Overview[]
In January 2003, the Davis-Besse nuclear power plant in Ohio was infected by the Slammer worm (also called W32/ SQLSlam-A or Sapphire). Slammer spread rapidly to computers across the internet by exploiting a vulnerability in the Microsoft SQL 2000 database server software. The worm scans and sends itself to random IP addresses; if it reaches a machine that is running Microsoft SQL 2000, it infects that machine and begins scanning and sending itself anew.
Slammer found its way to Davis-Besse by first infecting a consultant's network. From there it infected the corporate network of First Energy Nuclear, which operates the plant. First Energy Nuclear's corporate network was connected directly to a supervisory control and data acquisition (SCADA) system at Davis-Besse so that it could remotely monitor the plant, without any type of firewall. Once on the corporate network, Slammer could thus make the jump onto the SCADA system.

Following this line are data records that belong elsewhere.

lemma max_self_cancelling_perp_op_mem:
  assumes M: "max_self_cancelling M" and perp: "(y, ys) \<in> perp_op M" and "ys y = 0"
  shows "(y, ys) \<in> M"
proof -
  have sM: "subspace M" and cancel: "\<And>x xs. (x, xs) \<in> M \<Longrightarrow> xs x = 0"
    using M by (auto simp: max_self_cancelling_def self_cancelling_def)
  have "xs x = 0" if mem: "(x, xs) \<in> span (insert (y, ys) M)" for x xs
  proof -
    obtain u us t where u: "(u, us) \<in> M" and x: "x = u + t *\<^sub>R y" "xs = us + t *\<^sub>R ys"
      using mem unfolding span_insert_subspace[OF sM] by auto
    have "xs x = us u + t * (ys u + us y) + t * t * ys y"
      unfolding x by (simp add: blinfun.add_left blinfun.add_right blinfun.scaleR_left
          blinfun.scaleR_right algebra_simps)
    then show ?thesis
      using cancel[OF u] perp u \<open>ys y = 0\<close> by (force simp: mem_perp_op_iff)
  qed
  then have "self_cancelling (span (insert (y, ys) M))"
    by (auto simp: self_cancelling_def)
  moreover have "M \<subseteq> span (insert (y, ys) M)"
    using span_superset by blast
  ultimately have "span (insert (y, ys) M) = M"
    using M by (simp add: max_self_cancelling_def)
  then show ?thesis
    using span_base[OF insertI1] by metis
qed

lemma max_self_cancelling_perp_op_memI:
  assumes M: "max_self_cancelling M" and perp: "(y, ys) \<in> perp_op M"
    and "y \<in> dom_op M \<or> ys \<in> ran_op M"
  shows "(y, ys) \<in> M"
proof -
  have cancel: "\<And>x xs. (x, xs) \<in> M \<Longrightarrow> xs x = 0"
    using M by (auto simp: max_self_cancelling_def self_cancelling_def)
  from assms(3) obtain x xs where "(x, xs) \<in> M" "x = y \<or> xs = ys"
    by (auto simp: dom_op_def ran_op_def)
  then have "ys y = 0"
    using perp cancel by (force simp: mem_perp_op_iff)
  with M perp show ?thesis
    by (rule max_self_cancelling_perp_op_mem)
qed

lemma max_self_cancelling_skew_opI:
  assumes "max_self_cancelling M" "perp_op M \<subseteq> M"
  shows "skew_op M"
  using assms self_cancelling_subset_perp_op
  by (auto simp: skew_op_iff_eq_perp_op max_self_cancelling_def)

lemma subspace_dom_op:
  fixes M :: "('a::real_normed_vector \<times> 'b::real_normed_vector) set"
  shows "subspace M \<Longrightarrow> subspace (dom_op M)"
  unfolding dom_op_def by (rule linear_subspace_image[OF bounded_linear_fst[THEN bounded_linear.linear]])

lemma subspace_ran_op:
  fixes M :: "('a::real_normed_vector \<times> 'b::real_normed_vector) set"
  shows "subspace M \<Longrightarrow> subspace (ran_op M)"
  unfolding ran_op_def by (rule linear_subspace_image[OF bounded_linear_snd[THEN bounded_linear.linear]])

lemma max_self_cancelling_closed_dom_op_skew:
  fixes M :: "('a::real_normed_vector \<times> ('a \<Rightarrow>\<^sub>L real)) set"
  assumes M: "max_self_cancelling M" and closed: "closed (dom_op M)"
  shows "skew_op M"
proof (rule max_self_cancelling_skew_opI[OF M], clarify)
  fix y ys assume perp: "(y, ys) \<in> perp_op M"
  have "y \<in> dom_op M"
  proof (rule ccontr)
    assume "y \<notin> dom_op M"
    moreover have "subspace (dom_op M)"
      using M subspace_dom_op by (auto simp: max_self_cancelling_def self_cancelling_def)
    ultimately obtain f :: "'a \<Rightarrow>\<^sub>L real" where f: "\<And>x. x \<in> dom_op M \<Longrightarrow> f x = 0" "f y \<noteq> 0"
      using separating_functional_closed_subspace closed by metis
    then have "(0, f) \<in> perp_op M"
      by (force simp: mem_perp_op_iff dom_op_def)
    then have "(0, f) \<in> M"
      using max_self_cancelling_perp_op_mem[OF M] by simp
    then show False
      using perp f(2) by (force simp: mem_perp_op_iff)
  qed
  then show "(y, ys) \<in> M"
    using max_self_cancelling_perp_op_memI[OF M perp] by blast
qed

It then generated a large amount of traffic that overwhelmed the system. The safety parameter display system (SPDS), which collects and displays data about the reactor core from the coolant systems, temperature sensors and radiation detectors, was unavailable for almost five hours. . . .
A patch for the Microsoft SQL 2000 vulnerability, which had been released six months earlier, would have prevented infection by Slammer, but neither the corporate network nor the SCADA system had been patched.